To do: A single number is the answer here: the count of lines in the data below that include the word "rtuples".

(Extracted data entries)
______________________________
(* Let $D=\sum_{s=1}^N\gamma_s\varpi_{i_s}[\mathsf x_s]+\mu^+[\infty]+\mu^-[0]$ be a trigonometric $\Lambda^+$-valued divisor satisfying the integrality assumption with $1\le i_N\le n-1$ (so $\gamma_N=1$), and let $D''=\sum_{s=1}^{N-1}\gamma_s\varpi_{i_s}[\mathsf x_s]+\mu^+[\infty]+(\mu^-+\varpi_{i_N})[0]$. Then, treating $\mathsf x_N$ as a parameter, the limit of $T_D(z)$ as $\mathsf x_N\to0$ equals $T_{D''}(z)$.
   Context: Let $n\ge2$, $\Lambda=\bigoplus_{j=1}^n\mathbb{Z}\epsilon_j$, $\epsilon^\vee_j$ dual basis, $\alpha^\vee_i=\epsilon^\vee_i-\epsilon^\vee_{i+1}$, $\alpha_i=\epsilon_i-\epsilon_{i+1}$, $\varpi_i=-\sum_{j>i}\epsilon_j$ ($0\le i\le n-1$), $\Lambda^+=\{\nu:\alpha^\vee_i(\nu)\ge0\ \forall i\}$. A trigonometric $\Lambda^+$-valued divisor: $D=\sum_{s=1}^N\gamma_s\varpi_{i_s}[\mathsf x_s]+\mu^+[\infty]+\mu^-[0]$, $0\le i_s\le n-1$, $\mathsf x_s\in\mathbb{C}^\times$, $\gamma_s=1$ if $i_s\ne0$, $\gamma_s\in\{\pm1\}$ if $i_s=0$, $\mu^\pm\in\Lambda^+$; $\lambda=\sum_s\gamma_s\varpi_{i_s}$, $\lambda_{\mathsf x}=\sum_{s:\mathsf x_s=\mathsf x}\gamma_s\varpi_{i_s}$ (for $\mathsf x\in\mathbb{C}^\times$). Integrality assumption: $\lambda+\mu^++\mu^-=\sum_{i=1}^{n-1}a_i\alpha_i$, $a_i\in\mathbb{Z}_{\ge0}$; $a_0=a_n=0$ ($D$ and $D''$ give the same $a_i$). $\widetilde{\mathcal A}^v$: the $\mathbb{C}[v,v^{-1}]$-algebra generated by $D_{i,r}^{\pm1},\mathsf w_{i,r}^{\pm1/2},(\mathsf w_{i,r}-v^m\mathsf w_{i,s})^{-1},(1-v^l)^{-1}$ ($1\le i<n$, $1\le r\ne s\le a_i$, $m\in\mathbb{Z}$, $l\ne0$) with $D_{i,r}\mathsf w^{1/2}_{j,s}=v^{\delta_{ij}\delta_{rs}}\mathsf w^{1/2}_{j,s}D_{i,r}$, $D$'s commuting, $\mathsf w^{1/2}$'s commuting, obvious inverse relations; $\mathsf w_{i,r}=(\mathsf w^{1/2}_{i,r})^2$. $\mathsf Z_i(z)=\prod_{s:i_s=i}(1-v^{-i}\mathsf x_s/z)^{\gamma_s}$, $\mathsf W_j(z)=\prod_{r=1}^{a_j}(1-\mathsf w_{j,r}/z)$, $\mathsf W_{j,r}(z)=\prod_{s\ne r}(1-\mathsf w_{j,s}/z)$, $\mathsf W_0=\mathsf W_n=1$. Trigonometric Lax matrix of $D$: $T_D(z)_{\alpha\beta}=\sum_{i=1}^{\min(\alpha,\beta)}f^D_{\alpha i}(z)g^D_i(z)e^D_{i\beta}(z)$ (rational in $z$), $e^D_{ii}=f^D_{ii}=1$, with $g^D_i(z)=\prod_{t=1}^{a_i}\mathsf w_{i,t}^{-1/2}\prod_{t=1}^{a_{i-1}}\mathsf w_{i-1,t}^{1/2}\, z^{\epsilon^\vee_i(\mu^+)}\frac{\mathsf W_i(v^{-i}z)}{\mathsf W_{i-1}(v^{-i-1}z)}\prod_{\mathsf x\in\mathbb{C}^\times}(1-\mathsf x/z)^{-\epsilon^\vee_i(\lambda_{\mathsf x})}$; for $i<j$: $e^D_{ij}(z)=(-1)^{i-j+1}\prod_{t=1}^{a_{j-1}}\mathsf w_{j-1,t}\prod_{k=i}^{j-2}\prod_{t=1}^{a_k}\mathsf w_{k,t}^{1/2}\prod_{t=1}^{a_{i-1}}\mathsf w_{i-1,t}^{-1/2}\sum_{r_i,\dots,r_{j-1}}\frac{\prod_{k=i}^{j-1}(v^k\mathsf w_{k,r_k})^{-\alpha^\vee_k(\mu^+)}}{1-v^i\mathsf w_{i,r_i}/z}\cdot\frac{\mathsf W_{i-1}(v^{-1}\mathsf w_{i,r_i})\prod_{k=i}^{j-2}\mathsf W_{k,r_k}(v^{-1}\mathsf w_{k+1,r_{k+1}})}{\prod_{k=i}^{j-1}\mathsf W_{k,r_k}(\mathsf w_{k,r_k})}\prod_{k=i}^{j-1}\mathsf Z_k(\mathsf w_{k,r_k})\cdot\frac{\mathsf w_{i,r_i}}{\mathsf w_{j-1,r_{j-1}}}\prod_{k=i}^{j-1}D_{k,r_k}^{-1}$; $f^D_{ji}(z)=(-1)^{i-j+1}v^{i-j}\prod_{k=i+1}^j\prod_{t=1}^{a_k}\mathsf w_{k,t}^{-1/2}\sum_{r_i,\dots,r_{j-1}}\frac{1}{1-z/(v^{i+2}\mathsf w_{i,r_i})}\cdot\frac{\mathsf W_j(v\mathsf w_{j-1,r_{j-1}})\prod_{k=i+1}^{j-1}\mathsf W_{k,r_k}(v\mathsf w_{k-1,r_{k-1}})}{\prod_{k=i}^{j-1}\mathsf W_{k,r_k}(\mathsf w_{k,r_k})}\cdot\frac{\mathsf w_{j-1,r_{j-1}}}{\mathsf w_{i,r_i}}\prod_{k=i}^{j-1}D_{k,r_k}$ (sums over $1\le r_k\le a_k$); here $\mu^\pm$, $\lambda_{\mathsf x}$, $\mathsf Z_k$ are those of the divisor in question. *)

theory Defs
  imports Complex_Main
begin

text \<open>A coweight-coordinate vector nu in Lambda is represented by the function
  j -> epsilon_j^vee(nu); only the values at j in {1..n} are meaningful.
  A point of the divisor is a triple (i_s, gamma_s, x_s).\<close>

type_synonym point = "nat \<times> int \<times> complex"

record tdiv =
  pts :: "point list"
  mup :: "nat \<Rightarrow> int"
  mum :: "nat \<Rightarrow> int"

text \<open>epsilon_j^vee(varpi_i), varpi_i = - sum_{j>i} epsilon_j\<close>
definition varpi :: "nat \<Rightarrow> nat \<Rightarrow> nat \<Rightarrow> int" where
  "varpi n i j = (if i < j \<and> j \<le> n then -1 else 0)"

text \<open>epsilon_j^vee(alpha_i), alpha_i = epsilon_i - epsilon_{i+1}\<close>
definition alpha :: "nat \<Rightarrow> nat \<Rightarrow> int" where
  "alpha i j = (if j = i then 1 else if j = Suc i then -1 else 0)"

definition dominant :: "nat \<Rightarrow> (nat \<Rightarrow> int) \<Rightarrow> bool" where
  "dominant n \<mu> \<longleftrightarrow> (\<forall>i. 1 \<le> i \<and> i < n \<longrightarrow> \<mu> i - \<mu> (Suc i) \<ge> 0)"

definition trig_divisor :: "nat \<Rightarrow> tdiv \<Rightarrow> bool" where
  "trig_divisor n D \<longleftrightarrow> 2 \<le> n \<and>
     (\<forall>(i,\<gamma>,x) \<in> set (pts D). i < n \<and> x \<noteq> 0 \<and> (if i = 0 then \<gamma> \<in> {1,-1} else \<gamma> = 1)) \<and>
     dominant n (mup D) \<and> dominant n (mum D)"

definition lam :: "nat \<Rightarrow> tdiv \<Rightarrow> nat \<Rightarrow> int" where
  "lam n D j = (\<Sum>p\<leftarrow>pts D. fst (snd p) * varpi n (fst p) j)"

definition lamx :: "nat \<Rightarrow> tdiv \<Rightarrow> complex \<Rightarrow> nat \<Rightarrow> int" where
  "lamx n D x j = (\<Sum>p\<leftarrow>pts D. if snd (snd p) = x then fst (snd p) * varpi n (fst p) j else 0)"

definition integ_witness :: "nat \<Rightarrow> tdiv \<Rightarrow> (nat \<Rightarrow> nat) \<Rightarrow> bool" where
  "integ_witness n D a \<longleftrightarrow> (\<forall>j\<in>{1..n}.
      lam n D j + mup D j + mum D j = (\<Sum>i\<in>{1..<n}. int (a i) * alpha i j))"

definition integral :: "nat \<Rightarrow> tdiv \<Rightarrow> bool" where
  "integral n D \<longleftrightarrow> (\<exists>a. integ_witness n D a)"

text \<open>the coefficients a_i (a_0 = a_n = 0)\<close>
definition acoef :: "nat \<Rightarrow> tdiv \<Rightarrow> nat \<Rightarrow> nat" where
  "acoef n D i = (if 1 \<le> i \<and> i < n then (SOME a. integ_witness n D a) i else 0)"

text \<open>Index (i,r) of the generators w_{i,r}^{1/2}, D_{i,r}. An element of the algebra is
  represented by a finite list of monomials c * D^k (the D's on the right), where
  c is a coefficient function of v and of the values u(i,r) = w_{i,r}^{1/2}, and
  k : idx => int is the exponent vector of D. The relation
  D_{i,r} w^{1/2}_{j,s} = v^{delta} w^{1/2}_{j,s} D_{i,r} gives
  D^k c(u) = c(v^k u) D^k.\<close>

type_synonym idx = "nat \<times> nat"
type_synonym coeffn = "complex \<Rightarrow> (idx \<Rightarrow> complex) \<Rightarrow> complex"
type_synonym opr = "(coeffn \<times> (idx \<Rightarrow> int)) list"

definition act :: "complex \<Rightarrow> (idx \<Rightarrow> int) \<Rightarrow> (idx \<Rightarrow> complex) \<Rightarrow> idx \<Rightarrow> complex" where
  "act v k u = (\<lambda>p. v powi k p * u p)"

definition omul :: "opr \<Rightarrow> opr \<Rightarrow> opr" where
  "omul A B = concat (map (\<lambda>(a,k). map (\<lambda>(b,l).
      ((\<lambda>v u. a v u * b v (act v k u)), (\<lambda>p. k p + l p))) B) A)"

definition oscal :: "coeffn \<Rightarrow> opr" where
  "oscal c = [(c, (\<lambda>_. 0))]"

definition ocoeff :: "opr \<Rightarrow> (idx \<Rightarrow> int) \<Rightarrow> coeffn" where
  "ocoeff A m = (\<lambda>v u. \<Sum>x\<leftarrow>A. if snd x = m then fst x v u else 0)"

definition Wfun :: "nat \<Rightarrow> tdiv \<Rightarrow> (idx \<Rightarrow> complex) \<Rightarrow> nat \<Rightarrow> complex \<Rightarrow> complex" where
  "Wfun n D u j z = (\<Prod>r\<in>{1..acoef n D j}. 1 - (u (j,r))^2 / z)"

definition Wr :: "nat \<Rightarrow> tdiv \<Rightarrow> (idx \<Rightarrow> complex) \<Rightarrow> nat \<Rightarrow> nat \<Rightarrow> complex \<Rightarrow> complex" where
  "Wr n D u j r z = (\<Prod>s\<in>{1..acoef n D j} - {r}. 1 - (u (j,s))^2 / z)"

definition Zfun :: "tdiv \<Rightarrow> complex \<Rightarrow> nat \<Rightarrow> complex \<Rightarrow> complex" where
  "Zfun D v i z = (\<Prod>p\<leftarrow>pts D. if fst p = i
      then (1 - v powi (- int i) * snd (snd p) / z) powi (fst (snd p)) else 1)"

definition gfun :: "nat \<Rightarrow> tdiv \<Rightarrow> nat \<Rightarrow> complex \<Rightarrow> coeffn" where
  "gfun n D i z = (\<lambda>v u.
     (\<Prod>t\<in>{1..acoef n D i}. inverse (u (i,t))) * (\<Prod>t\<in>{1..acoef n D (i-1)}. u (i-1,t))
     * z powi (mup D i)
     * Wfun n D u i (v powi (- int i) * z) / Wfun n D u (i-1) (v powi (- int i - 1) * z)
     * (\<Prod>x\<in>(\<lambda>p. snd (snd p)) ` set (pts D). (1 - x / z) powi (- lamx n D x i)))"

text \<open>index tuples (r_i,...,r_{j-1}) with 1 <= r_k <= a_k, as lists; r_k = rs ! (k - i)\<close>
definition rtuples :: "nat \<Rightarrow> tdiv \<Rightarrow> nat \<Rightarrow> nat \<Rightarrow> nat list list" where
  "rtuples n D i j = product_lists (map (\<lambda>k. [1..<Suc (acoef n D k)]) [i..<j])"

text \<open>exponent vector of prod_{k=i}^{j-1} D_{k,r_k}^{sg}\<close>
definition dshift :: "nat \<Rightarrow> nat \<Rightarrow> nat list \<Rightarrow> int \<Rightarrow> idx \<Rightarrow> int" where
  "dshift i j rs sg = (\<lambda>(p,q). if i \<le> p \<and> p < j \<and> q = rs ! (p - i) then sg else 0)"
______________________________
Solution for this task: 2